The last word goes to Richard Russell (Dow Theory Letters):
Yesterday’s [Thursday’s] stock market action, according to Lowry’s, was a classic 90% downside day. Normally, such days are followed by 2 to 7 days of rally (bounce), and then a continuation of the downtrend. 90% downside days often come in a series of one or more, and after each 90% downside day we look (hope for) a 90% up-day.
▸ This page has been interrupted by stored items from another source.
lemma Zn_additive_expansion:
  fixes f :: "(nat \<Rightarrow> int) \<Rightarrow> 'a::comm_ring_1"
  assumes f: "Zn_additive N f" and r: "r \<in> Zn N"
  shows "f r = (\<Sum>j<N. of_int (r j) * f (unit_vec j))"
proof -
  have "f (trunc_vec n r) = (\<Sum>j<n. of_int (r j) * f (unit_vec j))" if "n \<le> N" for n
    using that
  proof (induction n)
    case 0
    show "f (trunc_vec 0 r) = (\<Sum>j<0. of_int (r j) * f (unit_vec j))"
      using Zn_additive_zero[OF f] by (simp add: trunc_vec_0)
  next
    case (Suc n)
    have "f (trunc_vec (Suc n) r) = f (trunc_vec n r) + f (scale_vec (r n) (unit_vec n))"
      unfolding trunc_vec_Suc using Suc.prems
      by (intro Zn_additiveD[OF f] Zn_trunc_vec Zn_scale_vec Zn_unit_vec) auto
    also have "\<dots> = (\<Sum>j<Suc n. of_int (r j) * f (unit_vec j))"
      using Suc Zn_additive_scale_vec[OF f Zn_unit_vec] by simp
    finally show ?case .
  qed
  then show ?thesis using trunc_vec_Zn[OF r] by (metis order_refl)
qed

lemma Zn_additive_eqI:
  fixes f g :: "(nat \<Rightarrow> int) \<Rightarrow> 'a::comm_ring_1"
  assumes "Zn_additive N f" "Zn_additive N g" "\<And>j. j < N \<Longrightarrow> f (unit_vec j) = g (unit_vec j)"
    and "r \<in> Zn N"
  shows "f r = g r"
  using assms by (simp add: Zn_additive_expansion)

lemma Zn_multiplicative_expansion:
  fixes f :: "(nat \<Rightarrow> int) \<Rightarrow> 'a::field"
  assumes mult: "\<And>r s. r \<in> Zn N \<Longrightarrow> s \<in> Zn N \<Longrightarrow> f (r + s) = f r * f s"
    and nonzero: "\<And>r. r \<in> Zn N \<Longrightarrow> f r \<noteq> 0"
    and r: "r \<in> Zn N"
  shows "f r = (\<Prod>j<N. f (unit_vec j) powi r j)"
proof -
  have f0: "f 0 = 1"
    using mult[OF Zn_zero Zn_zero] nonzero[OF Zn_zero] by simp
  have scale: "f (scale_vec k x) = f x powi k" if x: "x \<in> Zn N" for k x
  proof (induction k rule: int_induct[where k = 0])
    case base
    show "f (scale_vec 0 x) = f x powi 0" using f0 by (simp add: scale_vec_0)
  next
    case (step1 k)
    have "f (scale_vec (k + 1) x) = f (scale_vec k x) * f x"
      unfolding scale_vec_add1 using x by (simp add: mult Zn_scale_vec)
    with step1 nonzero[OF x] show ?case by (simp add: power_int_add_1)
  next
    case (step2 k)
    have "f (scale_vec k x) = f (scale_vec (k - 1) x) * f x"
      by (subst scale_vec_diff1) (use x in \<open>simp add: mult Zn_scale_vec\<close>)
    with step2 nonzero[OF x] show ?case by (simp add: power_int_diff field_simps)
  qed
  have "f (trunc_vec n r) = (\<Prod>j<n. f (unit_vec j) powi r j)" if "n \<le> N" for n
    using that
  proof (induction n)
    case 0
    show "f (trunc_vec 0 r) = (\<Prod>j<0. f (unit_vec j) powi r j)"
      using f0 by (simp add: trunc_vec_0)
  next
    case (Suc n)
    have "f (trunc_vec (Suc n) r) = f (trunc_vec n r) * f (scale_vec (r n) (unit_vec n))"
      unfolding trunc_vec_Suc using Suc.prems
      by (intro mult Zn_trunc_vec Zn_scale_vec Zn_unit_vec) auto
    also have "\<dots> = (\<Prod>j<Suc n. f (unit_vec j) powi r j)"
      using Suc scale[OF Zn_unit_vec] by simp
    finally show ?case .
  qed
  then show ?thesis using trunc_vec_Zn[OF r] by (metis order_refl)
qed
And that’s where we are now.
Before highlighting some thought-provoking news items and quotes from market commentators, let’s briefly review the financial markets’ movements on the basis of economic statistics and a performance round-up.
Economy
According to the Survey of Business Confidence of the World conducted by Moody’s Economy.com:
Global business sentiment has been more or less consistent with a global economy that is near recession since the subprime financial shock hit over a year ago.
The survey did take on a slightly more upbeat tone at the end of August as pricing pressures abated a bit, sales strengthened somewhat and hiring firmed modestly. Businesses remain most dour in the U.S., Europe and Japan, and most upbeat in the rest of Asia.
In the U.S., the September Beige Book report from the 12 Federal Reserve districts indicated slow and weak conditions across nearly all districts. Price pressures for energy and commodities continued to be a factor during July and August across nearly all districts, although pass-through to wages appeared to be minimal, giving the Fed some breathing space in terms of monetary policy for now.
The most important economic data released in the U.S. during the past week concerned the employment situation. Non-farm payroll employment fell by 84,000 in August and the unemployment rate rose to 6.1% from 5.7% in July. Revisions to June and July job numbers tacked on another 58,000 lost jobs. In the first eight months of 2008, on average, 76,000 jobs have been lost each month. The decline in payrolls and the rise in the unemployment rate were both larger than expected by consensus forecasts, fueling concerns about the pace of consumer spending in the months ahead.